*Data shown*:
lemma frechet_subdiff_penalized_lift_imp:
  assumes w: "((wa, wq), wq') \<in> frechet_subdiff (penalized_lift f \<beta>) ((a, q), q')"
  shows "(wa, wq + wq') \<in> frechet_subdiff f (a, q)"
proof -
  have "linear (\<lambda>h. (h, snd h))"
    by (simp add: linear_iff)
  then have "(wa, wq + wq') \<in> frechet_subdiff
      (\<lambda>y. penalized_lift f \<beta> (((a, q), q') + (y - (a, q), snd (y - (a, q))))) (a, q)"
    using w by (rule frechet_subdiff_compose_linear) (auto simp: inner_add_left)
  moreover have "penalized_lift f \<beta> (((a, q), q') + (y - (a, q), snd (y - (a, q))))
      = f y + ereal (\<beta> / 2 * (norm (q - q'))\<^sup>2)" for y
    by (cases y) (simp add: penalized_lift_def algebra_simps)
  ultimately show ?thesis
    by (simp add: frechet_subdiff_add_const)
qed

lemma frechet_subdiff_imp_penalized_lift:
  assumes "\<beta> \<ge> 0" and v: "v \<in> frechet_subdiff f z"
  shows "(v, 0) \<in> frechet_subdiff (penalized_lift f \<beta>) (z, snd z)"
proof -
  have "linear (fst :: _ \<times> 'b::euclidean_space \<Rightarrow> _)"
    by (simp add: linear_iff)
  then have "(v, 0 :: 'b) \<in> frechet_subdiff (\<lambda>p. f (z + fst (p - (z, snd z)))) (z, snd z)"
    using v by (rule frechet_subdiff_compose_linear) (simp add: inner_prod_def)
  also have "\<dots> \<subseteq> frechet_subdiff (penalized_lift f \<beta>) (z, snd z)"
    using \<open>\<beta> \<ge> 0\<close>
    by (intro frechet_subdiff_mono_touching) (simp_all add: penalized_lift_def ereal_le_add_self)
  finally show ?thesis .
qed

lemma limiting_subdiff_penalized_lift_snd:
  assumes "v \<in> limiting_subdiff (penalized_lift f \<beta>) ((a, q), q')"
  shows "snd v = \<beta> *\<^sub>R (q' - q)"
proof -
  obtain xs vs where "\<bar>penalized_lift f \<beta> ((a, q), q')\<bar> \<noteq> \<infinity>" and xs: "xs \<longlonglongrightarrow> ((a, q), q')"
    and "(\<lambda>k. penalized_lift f \<beta> (xs k)) \<longlonglongrightarrow> penalized_lift f \<beta> ((a, q), q')"
    and vs: "\<And>k. vs k \<in> frechet_subdiff (penalized_lift f \<beta>) (xs k)" and vs_lim: "vs \<longlonglongrightarrow> v"
    using assms by (rule limiting_subdiffE) (rule that)
  have "snd (vs k) = \<beta> *\<^sub>R (snd (xs k) - snd (fst (xs k)))" for k
    using frechet_subdiff_penalized_lift_snd[of "vs k" f \<beta> "fst (fst (xs k))"] vs[of k] by simp
  moreover have "(\<lambda>k. \<beta> *\<^sub>R (snd (xs k) - snd (fst (xs k))))
      \<longlonglongrightarrow> \<beta> *\<^sub>R (snd ((a, q), q') - snd (fst ((a, q), q')))"
    by (intro tendsto_intros xs)
  ultimately have "(\<lambda>k. snd (vs k)) \<longlonglongrightarrow> \<beta> *\<^sub>R (q' - q)"
    by simp
  moreover have "(\<lambda>k. snd (vs k)) \<longlonglongrightarrow> snd v"
    using vs_lim by (rule tendsto_snd)
  ultimately show ?thesis
    using LIMSEQ_unique by blast
qed

lemma limiting_subdiff_penalized_lift_imp:
  assumes "((wa, wq), wq') \<in> limiting_subdiff (penalized_lift f \<beta>) ((a, q), q')"
  shows "(wa, wq + wq') \<in> limiting_subdiff f (a, q)"
proof -
  let ?F = "penalized_lift f \<beta>"
  obtain xs vs where fin: "\<bar>?F ((a, q), q')\<bar> \<noteq> \<infinity>" and xs: "xs \<longlonglongrightarrow> ((a, q), q')"
    and val: "(\<lambda>k. ?F (xs k)) \<longlonglongrightarrow> ?F ((a, q), q')"
    and vs: "\<And>k. vs k \<in> frechet_subdiff ?F (xs k)" and vs_lim: "vs \<longlonglongrightarrow> ((wa, wq), wq')"
    using assms by (rule limiting_subdiffE) (rule that)
  define c where "c y = \<beta> / 2 * (norm (snd (fst y) - snd y))\<^sup>2" for y :: "('a \<times> 'b) \<times> 'b"
  have f_eq: "f (fst y) = ?F y + ereal (- c y)" for y
    by (cases "f (fst y)") (simp_all add: penalized_lift_def c_def)
  have "(\<lambda>k. ereal (- c (xs k))) \<longlonglongrightarrow> ereal (- c ((a, q), q'))"
    unfolding c_def lim_ereal by (intro tendsto_intros xs)
  with fin val have "(\<lambda>k. ?F (xs k) + ereal (- c (xs k)))
      \<longlonglongrightarrow> ?F ((a, q), q') + ereal (- c ((a, q), q'))"
    by (intro tendsto_add_ereal) simp_all
  then have val_f: "(\<lambda>k. f (fst (xs k))) \<longlonglongrightarrow> f (a, q)"
    unfolding f_eq[symmetric] by simp
  have vs_lim': "(\<lambda>k. (fst (fst (vs k)), snd (fst (vs k)) + snd (vs k)))
      \<longlonglongrightarrow> (fst (fst ((wa, wq), wq')), snd (fst ((wa, wq), wq')) + snd ((wa, wq), wq'))"
    by (intro tendsto_intros vs_lim)
  show ?thesis
  proof (rule limiting_subdiffI)
    show "\<bar>f (a, q)\<bar> \<noteq> \<infinity>"
      using fin by (simp add: penalized_lift_finite_iff)
    show "(\<lambda>k. fst (xs k)) \<longlonglongrightarrow> (a, q)"
      using tendsto_fst[OF xs] by simp
    show "(\<lambda>k. f (fst (xs k))) \<longlonglongrightarrow> f (a, q)"
      by (fact val_f)
    show "(fst (fst (vs k)), snd (fst (vs k)) + snd (vs k)) \<in> frechet_subdiff f (fst (xs k))" for k
      using frechet_subdiff_penalized_lift_imp[of "fst (fst (vs k))" "snd (fst (vs k))" "snd (vs k)"
          f \<beta> "fst (fst (xs k))" "snd (fst (xs k))" "snd (xs k)"] vs[of k] by simp
    show "(\<lambda>k. (fst (fst (vs k)), snd (fst (vs k)) + snd (vs k))) \<longlonglongrightarrow> (wa, wq + wq')"
      using vs_lim' by simp
  qed
qed

lemma limiting_subdiff_imp_penalized_lift:
  assumes "\<beta> \<ge> 0" and "v \<in> limiting_subdiff f z"
  shows "(v, 0) \<in> limiting_subdiff (penalized_lift f \<beta>) (z, snd z)"
proof -
  obtain xs vs where fin: "\<bar>f z\<bar> \<noteq> \<infinity>" and xs: "xs \<longlonglongrightarrow> z"
    and val: "(\<lambda>k. f (xs k)) \<longlonglongrightarrow> f z"
    and vs: "\<And>k. vs k \<in> frechet_subdiff f (xs k)" and vs_lim: "vs \<longlonglongrightarrow> v"
    using assms(2) by (rule limiting_subdiffE) (rule that)
  have diag: "penalized_lift f \<beta> (y, snd y) = f y" for y
    by (simp add: penalized_lift_def)
  show ?thesis
  proof (rule limiting_subdiffI)
    show "\<bar>penalized_lift f \<beta> (z, snd z)\<bar> \<noteq> \<infinity>"
      unfolding diag by (fact fin)
    show "(\<lambda>k. (xs k, snd (xs k))) \<longlonglongrightarrow> (z, snd z)"
      by (intro tendsto_intros xs)
    show "(\<lambda>k. penalized_lift f \<beta> (xs k, snd (xs k))) \<longlonglongrightarrow> penalized_lift f \<beta> (z, snd z)"
      using val by (simp only: diag)
    show "(vs k, 0) \<in> frechet_subdiff (penalized_lift f \<beta>) (xs k, snd (xs k))" for k
      using frechet_subdiff_imp_penalized_lift[OF \<open>\<beta> \<ge> 0\<close> vs] .
    show "(\<lambda>k. (vs k, 0)) \<longlonglongrightarrow> (v, 0)"
      by (intro tendsto_intros vs_lim)
  qed
qed

theorem lemma2:
  fixes X :: "real^'n^'d" and P :: "real^'k^'n" and Q Q' :: "real^'k^'d" and \<beta> :: real
  assumes "CARD('k) \<le> CARD('n)" and "CARD('k) \<le> CARD('d)"
    and "\<beta> > 0"
    and "P \<in> sign_mats" and "Q \<in> stiefel"
  shows "(limiting_critical (Psi X \<beta>) ((P, Q), Q') \<longrightarrow> Q = Q') \<and>
         (limiting_critical (Psi X \<beta>) ((P, Q), Q) \<longleftrightarrow> limiting_critical (hfun X) (P, Q))"
proof (intro conjI impI iffI)
  show "Q = Q'" if "limiting_critical (Psi X \<beta>) ((P, Q), Q')"
    using limiting_subdiff_penalized_lift_snd[of 0 "hfun X" \<beta> P Q Q'] that \<open>\<beta> > 0\<close>
    by (simp add: limiting_critical_def Psi_eq_penalized_lift)
  show "limiting_critical (hfun X) (P, Q)" if "limiting_critical (Psi X \<beta>) ((P, Q), Q)"
    using limiting_subdiff_penalized_lift_imp[of 0 0 0] that
    by (simp add: limiting_critical_def Psi_eq_penalized_lift zero_prod_def)
  show "limiting_critical (Psi X \<beta>) ((P, Q), Q)" if "limiting_critical (hfun X) (P, Q)"
    using limiting_subdiff_imp_penalized_lift[of \<beta> 0 "hfun X" "(P, Q)"] that \<open>\<beta> > 0\<close>
    by (simp add: limiting_critical_def Psi_eq_penalized_lift zero_prod_def)
qed

end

*What the exercise asks*:
Extract exactly and only the lines above from the line containing "unfolding f_eq[symmetric] by simp" through the line containing "k, 0) \<in> frechet_subdiff", both end lines included.

*Reply*:
    unfolding f_eq[symmetric] by simp
  have vs_lim': "(\<lambda>k. (fst (fst (vs k)), snd (fst (vs k)) + snd (vs k)))
      \<longlonglongrightarrow> (fst (fst ((wa, wq), wq')), snd (fst ((wa, wq), wq')) + snd ((wa, wq), wq'))"
    by (intro tendsto_intros vs_lim)
  show ?thesis
  proof (rule limiting_subdiffI)
    show "\<bar>f (a, q)\<bar> \<noteq> \<infinity>"
      using fin by (simp add: penalized_lift_finite_iff)
    show "(\<lambda>k. fst (xs k)) \<longlonglongrightarrow> (a, q)"
      using tendsto_fst[OF xs] by simp
    show "(\<lambda>k. f (fst (xs k))) \<longlonglongrightarrow> f (a, q)"
      by (fact val_f)
    show "(fst (fst (vs k)), snd (fst (vs k)) + snd (vs k)) \<in> frechet_subdiff f (fst (xs k))" for k
      using frechet_subdiff_penalized_lift_imp[of "fst (fst (vs k))" "snd (fst (vs k))" "snd (vs k)"
          f \<beta> "fst (fst (xs k))" "snd (fst (xs k))" "snd (xs k)"] vs[of k] by simp
    show "(\<lambda>k. (fst (fst (vs k)), snd (fst (vs k)) + snd (vs k))) \<longlonglongrightarrow> (wa, wq + wq')"
      using vs_lim' by simp
  qed
qed

lemma limiting_subdiff_imp_penalized_lift:
  assumes "\<beta> \<ge> 0" and "v \<in> limiting_subdiff f z"
  shows "(v, 0) \<in> limiting_subdiff (penalized_lift f \<beta>) (z, snd z)"
proof -
  obtain xs vs where fin: "\<bar>f z\<bar> \<noteq> \<infinity>" and xs: "xs \<longlonglongrightarrow> z"
    and val: "(\<lambda>k. f (xs k)) \<longlonglongrightarrow> f z"
    and vs: "\<And>k. vs k \<in> frechet_subdiff f (xs k)" and vs_lim: "vs \<longlonglongrightarrow> v"
    using assms(2) by (rule limiting_subdiffE) (rule that)
  have diag: "penalized_lift f \<beta> (y, snd y) = f y" for y
    by (simp add: penalized_lift_def)
  show ?thesis
  proof (rule limiting_subdiffI)
    show "\<bar>penalized_lift f \<beta> (z, snd z)\<bar> \<noteq> \<infinity>"
      unfolding diag by (fact fin)
    show "(\<lambda>k. (xs k, snd (xs k))) \<longlonglongrightarrow> (z, snd z)"
      by (intro tendsto_intros xs)
    show "(\<lambda>k. penalized_lift f \<beta> (xs k, snd (xs k))) \<longlonglongrightarrow> penalized_lift f \<beta> (z, snd z)"
      using val by (simp only: diag)
    show "(vs k, 0) \<in> frechet_subdiff (penalized_lift f \<beta>) (xs k, snd (xs k))" for k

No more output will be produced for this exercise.